Zuma authorised more than R1,5 million in total for 333 people. He authorised individual amounts, from a high of R21 760 to a low of R123. The R21 760 claim was made by a refuse collector, who allegedly clocked up an extra 487 hours.

Zuma told The Witness that overtime on refuse collection, including the clearing of rubbish at garden refuse sites, rubbish containers and rubbish bins, necessitated exceeding the 40 hours-a-month stipulation due to the non-availability of trucks at times because of breakdowns and the age of the vehicles — and many other aspects such as the cleaning of public toilets.

The city has outgrown the refuse removal fleet it has, said Zuma.

He said the process of submitting overtime claims needs to be questioned, because before they get to the signatories, the claims are approved by supervisors, foremen and operations managers.

“Even though overtime is high [especially in the waste management division] it shows the level of operational challenges that we are faced with. If we had not attended to the challenges, service delivery would suffer and residents would be unhappy,” said the deputy municipal manager for community services, Zwe Hulane.

Maseko’s authorisation of more than R64 000 went to 173 employees, and ranged from R98 to R23 757. The highest claim was made by a maintenance assistant, who claimed for 100 extra hours.

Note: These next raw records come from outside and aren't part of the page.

lemma reduced_sandwich:
  assumes "length ps = length qs" "reduced ps" "reduced qs" "\<delta> \<in> factor K"
    "ps \<noteq> [] \<Longrightarrow> side (last ps) = (\<not> K) \<and> side (hd qs) = (\<not> K)"
  shows "list_prod G ps \<otimes> \<delta> \<otimes> list_prod G qs \<in> C \<or>
    (\<exists>ys. reduced ys \<and> ys \<noteq> [] \<and> list_prod G ps \<otimes> \<delta> \<otimes> list_prod G qs = list_prod G ys \<and>
       side (hd ys) = (if ps = [] then K else side (hd ps)) \<and>
       side (last ys) = (if qs = [] then K else side (last qs)))"
  using assms
proof (induction ps arbitrary: qs \<delta> K rule: rev_induct)
  case Nil
  moreover have "\<delta> \<in> carrier G" using Nil.prems(4) factor_carrier by blast
  ultimately show ?case
    using reduced_insert_letter[of "[]" K "[]" \<delta>] by (cases "\<delta> \<in> C") (auto intro!: exI[of _ "[\<delta>]"])
next
  case (snoc p ps)
  obtain q qs' where qs: "qs = q # qs'" using snoc.prems(1) by (cases qs) auto
  have sides: "side p = (\<not> K)" "side q = (\<not> K)" using snoc.prems(5) by (simp_all add: qs)
  show ?case
  proof (cases "\<delta> \<in> C")
    case False
    then have "\<delta> \<in> factor K - C" using snoc.prems(4) by blast
    moreover have "ps @ [p] \<noteq> [] \<Longrightarrow> side (last (ps @ [p])) = (\<not> K)"
      and "qs \<noteq> [] \<Longrightarrow> side (hd qs) = (\<not> K)"
      using sides by (simp_all add: qs)
    ultimately show ?thesis
      using reduced_insert_letter[OF snoc.prems(2) _ snoc.prems(3)]
      by - (rule disjI2, rule exI[of _ "(ps @ [p]) @ \<delta> # qs"], simp)
  next
    case True
    \<comment> \<open>The middle element lies in C, so it merges with its neighbours p and q into one
      element of the other factor; recurse on the shorter words.\<close>
    have red: "reduced ps" "p \<in> A \<union> B - C" "reduced qs'" "q \<in> A \<union> B - C"
      "ps \<noteq> [] \<Longrightarrow> side (last ps) = K" "qs' \<noteq> [] \<Longrightarrow> side (hd qs') = K"
      using snoc.prems(2,3) sides by (auto simp: reduced_append reduced_Cons qs starts_in_def)
    have "p \<in> factor (\<not> K)" "q \<in> factor (\<not> K)"
      using red(2,4) sides in_factor_side[of p] in_factor_side[of q] by auto
    then have pdq: "p \<otimes> \<delta> \<otimes> q \<in> factor (\<not> K)"
      using C_subset_factor[OF True] factor_m_closed by blast
    have len: "length ps = length qs'" using snoc.prems(1) by (simp add: qs)
    have "ps \<noteq> [] \<Longrightarrow> side (last ps) = (\<not> \<not> K) \<and> side (hd qs') = (\<not> \<not> K)"
      using red(5,6) len by (cases qs') auto
    note IH = snoc.IH[OF len red(1,3) pdq this]
    have "list_prod G (ps @ [p]) \<otimes> \<delta> \<otimes> list_prod G qs = list_prod G ps \<otimes> (p \<otimes> \<delta> \<otimes> q) \<otimes> list_prod G qs'"
      using red reduced_carrier AB_carrier snoc.prems(4) factor_carrier by (simp add: list_prod_append m_assoc qs)
    moreover have "(if ps = [] then \<not> K else side (hd ps)) = side (hd (ps @ [p]))"
      "(if qs' = [] then \<not> K else side (last qs')) = side (last qs)"
      using sides by (simp_all add: hd_append qs)
    ultimately show ?thesis using IH by (simp add: qs)
  qed
qed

Although Maseko also failed to respond to questions posed by The Witness, sources said his department deals with a lot of after-hours queries, especially those pertaining to electricity outages and burst pipes, so his authorisations are more understandable.

Perumal and Bridgmohan did not respond to The Witness’s questions.

At yesterday’s Exco meeting, Perumal said that although he wanted to respond to the e-mail, he had not yet had the opportunity, as he has been tied up in managing the crisis of the striking municipal workers.

Although the overtime report was on the agenda, it didn’t come up for discussion, as the meeting was closed early so officials could leave to discuss measures to deal with the strike.